# Taking photos from a moving car



## keller (Dec 30, 2005)

Sometimes when I see cool places while in a car, I like to roll down the window and take a few shots. In the past the photos haven't been too bad (in focus and clear), but I'd like to keep improving.

Does anyone have tips on photography inside a moving car? Normally I just roll down the window, and mount the camera lens on the windowsill. In the past I used ISO200, with the fastest shutter speed possible. I tend to set a manual focus to "Infinity" (is this a good idea?)


----------



## usayit (Dec 30, 2005)

Do it all the time... "Drive by shooting"...  
faster shutter speeds... and a fast focusing zoom lens is pretty much all you need.  I generally hand hold "suspending" as much of the camera from my body.  My attempt to isolate vibrations from the car itself.

If my digislr is with me, I'll pan and shoot in continuous mode in hopes to get one good pic.


----------



## Big Mike (Dec 30, 2005)

One of the best photos I have ever taken was from a moving car.  It's obviously not optimum shooting conditions but if you get the shot....

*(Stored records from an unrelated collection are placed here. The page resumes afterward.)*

(* Let $u$ be a user, let $I$ be a finite set of items, and let $s_{uq}(\theta)\in\mathbb{R}$ be the model score of item $q\in I$ for $u$ under parameters $\theta$. Rank all items by decreasing score (ties broken arbitrarily), let $r_q$ denote the position of item $q$ in this ranking, and let $R_k(u)$ be the set of the first $k$ items. Let $P(u)\subseteq I$ be a nonempty set of test positive items for $u$. Define $$\phi_u(p;\theta)=\frac{1}{1+\sum_{q\neq p}\exp\!\left(s_{uq}(\theta)-s_{up}(\theta)\right)},$$ $$\mathrm{DCG@k}(u)=\sum_{p\in P(u)\cap R_k(u)}\frac{1}{\log_2(r_p+1)},\qquad Z_k(u)=\mathrm{IDCG@k}(u)=\sum_{i=1}^{\min(k,|P(u)|)}\frac{1}{\log_2(i+1)},$$ and $\mathrm{NDCG@k}(u)=\mathrm{DCG@k}(u)/\mathrm{IDCG@k}(u)$. Then $$\mathrm{NDCG@k}(u)\ \ge\ \frac{1}{Z_k(u)}\sum_{p\in P(u)}\mathbb{I}(r_p\le k)\,\phi_u(p;\theta),$$ where $\mathbb{I}(\cdot)$ is the indicator function.
   Context: Here $k\ge 1$ is an integer and the sum in $\phi_u$ ranges over all items $q\in I$ other than $p$. *)

theory Defs
  imports Complex_Main
begin

definition is_ranking :: "'a set \<Rightarrow> ('a \<Rightarrow> real) \<Rightarrow> ('a \<Rightarrow> nat) \<Rightarrow> bool" where
  "is_ranking I sc r \<longleftrightarrow> bij_betw r I {1..card I} \<and>
     (\<forall>p\<in>I. \<forall>q\<in>I. sc q > sc p \<longrightarrow> r q < r p)"

definition topk :: "'a set \<Rightarrow> ('a \<Rightarrow> nat) \<Rightarrow> nat \<Rightarrow> 'a set" where
  "topk I r k = {q \<in> I. r q \<le> k}"

definition phi :: "'a set \<Rightarrow> ('a \<Rightarrow> real) \<Rightarrow> 'a \<Rightarrow> real" where
  "phi I sc p = 1 / (1 + (\<Sum>q\<in>I - {p}. exp (sc q - sc p)))"

definition DCG :: "'a set \<Rightarrow> ('a \<Rightarrow> nat) \<Rightarrow> 'a set \<Rightarrow> nat \<Rightarrow> real" where
  "DCG I r P k = (\<Sum>p\<in>P \<inter> topk I r k. 1 / log 2 (real (r p) + 1))"

definition IDCG :: "'a set \<Rightarrow> nat \<Rightarrow> real" where
  "IDCG P k = (\<Sum>i=1..min k (card P). 1 / log 2 (real i + 1))"

definition NDCG :: "'a set \<Rightarrow> ('a \<Rightarrow> nat) \<Rightarrow> 'a set \<Rightarrow> nat \<Rightarrow> real" where
  "NDCG I r P k = DCG I r P k / IDCG P k"

end

theory Submission
  imports Defs
begin

text \<open>The items ranked strictly before p number r p - 1 and each contributes at least
exp 0 = 1 to the denominator of phi p, so phi p \<le> 1 / r p. Since log2 (n + 1) \<le> n,
this is at most the DCG gain 1 / log2 (r p + 1) of p. Summing over the relevant items
in the top k gives sum phi \<le> DCG, and dividing by IDCG > 0 yields the bound.\<close>

lemma log2_Suc_le: "log 2 (real n + 1) \<le> real n"
proof -
  have "Suc n \<le> 2 ^ n" by (rule Suc_leI[OF less_exp])
  then have "real (Suc n) \<le> real (2 ^ n)" by (rule of_nat_mono)
  then have "real n + 1 \<le> 2 ^ n" by simp
  then have "log 2 (real n + 1) \<le> log 2 (2 ^ n)" by (intro log_mono) auto
  also have "\<dots> = real n" by (simp add: log_pow_cancel)
  finally show ?thesis .
qed

lemma ranking_pos_ge_1:
  assumes "is_ranking I sc r" and "p \<in> I"
  shows "1 \<le> r p"
  using assms unfolding is_ranking_def bij_betw_def by force

lemma card_ranked_before:
  assumes "is_ranking I sc r" and "p \<in> I"
  shows "card {q \<in> I. r q < r p} = r p - 1"
proof -
  have bij: "bij_betw r I {1..card I}" using assms(1) unfolding is_ranking_def by blast
  have "r p \<le> card I" using bij assms(2) by (auto dest: bij_betw_apply)
  then have "r ` {q \<in> I. r q < r p} = {1..<r p}"
    using bij unfolding bij_betw_def by (force simp: image_iff)
  moreover have "inj_on r {q \<in> I. r q < r p}"
    using bij unfolding bij_betw_def by (blast intro: inj_on_subset)
  ultimately show ?thesis by (metis card_atLeastLessThan card_image)
qed

lemma phi_le_inverse_rank:
  assumes "finite I" and rk: "is_ranking I sc r" and p: "p \<in> I"
  shows "phi I sc p \<le> 1 / real (r p)"
proof -
  let ?A = "{q \<in> I. r q < r p}"
  have better: "sc p \<le> sc q" if "q \<in> ?A" for q
    using rk p that unfolding is_ranking_def by force
  have "real (r p) - 1 = (\<Sum>q\<in>?A. 1)"
    using card_ranked_before[OF rk p] ranking_pos_ge_1[OF rk p] by (simp add: of_nat_diff)
  also have "\<dots> \<le> (\<Sum>q\<in>?A. exp (sc q - sc p))"
    using better by (intro sum_mono) auto
  also have "\<dots> \<le> (\<Sum>q\<in>I - {p}. exp (sc q - sc p))"
    using assms(1) by (intro sum_mono2) auto
  finally have "real (r p) \<le> 1 + (\<Sum>q\<in>I - {p}. exp (sc q - sc p))" by simp
  then show ?thesis
    unfolding phi_def using ranking_pos_ge_1[OF rk p] by (intro divide_left_mono) auto
qed

lemma phi_le_DCG_gain:
  assumes "finite I" and "is_ranking I sc r" and "p \<in> I"
  shows "phi I sc p \<le> 1 / log 2 (real (r p) + 1)"
proof -
  have "1 \<le> r p" using ranking_pos_ge_1[OF assms(2,3)] .
  then have "1 / real (r p) \<le> 1 / log 2 (real (r p) + 1)"
    using log2_Suc_le[of "r p"] by (intro divide_left_mono) auto
  then show ?thesis using phi_le_inverse_rank[OF assms] by linarith
qed

lemma sum_top_phi_le_DCG:
  assumes "finite I" and "is_ranking I sc r" and "P \<subseteq> I"
  shows "(\<Sum>p\<in>P. (if r p \<le> k then 1 else 0) * phi I sc p) \<le> DCG I r P k"
proof -
  have "finite P" using assms(1,3) by (rule rev_finite_subset)
  moreover have "P \<inter> topk I r k = {p \<in> P. r p \<le> k}"
    using assms(3) unfolding topk_def by blast
  ultimately have "(\<Sum>p\<in>P. (if r p \<le> k then 1 else 0) * phi I sc p)
      = (\<Sum>p\<in>P \<inter> topk I r k. phi I sc p)"
    by (simp add: sum.inter_filter) (intro sum.cong, auto)
  also have "\<dots> \<le> DCG I r P k"
    unfolding DCG_def using assms phi_le_DCG_gain
    by (intro sum_mono) (auto simp: topk_def)
  finally show ?thesis .
qed

lemma IDCG_pos:
  assumes "1 \<le> k" and "1 \<le> card P"
  shows "0 < IDCG P k"
proof -
  have "(\<Sum>i\<in>{1::nat}. 1 / log 2 (real i + 1)) \<le> IDCG P k"
    unfolding IDCG_def using assms by (intro sum_mono2) auto
  then show ?thesis by simp
qed

theorem corollary2:
  fixes I :: "'a set" and P :: "'a set" and u :: 'u and \<theta> :: 'p
    and s :: "'u \<Rightarrow> 'a \<Rightarrow> 'p \<Rightarrow> real" and r :: "'a \<Rightarrow> nat" and k :: nat
  assumes "finite I"
    and "k \<ge> 1"
    and "is_ranking I (\<lambda>q. s u q \<theta>) r"
    and "P \<subseteq> I" and "P \<noteq> {}"
  shows "NDCG I r P k \<ge>
    (1 / IDCG P k) * (\<Sum>p\<in>P. (if r p \<le> k then 1 else 0) * phi I (\<lambda>q. s u q \<theta>) p)"
proof -
  have "1 \<le> card P"
    using assms(1,4,5) by (metis One_nat_def Suc_leI card_gt_0_iff rev_finite_subset)
  then have "0 < IDCG P k" using assms(2) by (rule IDCG_pos[rotated])
  moreover have "(\<Sum>p\<in>P. (if r p \<le> k then 1 else 0) * phi I (\<lambda>q. s u q \<theta>) p) \<le> DCG I r P k"
    using assms(1,3,4) by (rule sum_top_phi_le_DCG)
  ultimately show ?thesis
    unfolding NDCG_def by (simp add: divide_right_mono)
qed

end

Fast shutter speeds should help to get a clear photo.  Using an ISO of 400 or 800 would help to get faster shutter speeds.


----------



## hot shot (Dec 30, 2005)

For shooting moving objects you need the fastest shutter speed you can get. when im shootin the top fuels at around 300mph i just 200 ISO and a 1/400 to get them to apper if there not moving if i want them to have the apperanceof movement (via slight bluring) i use anything up to 1/250th of a second


----------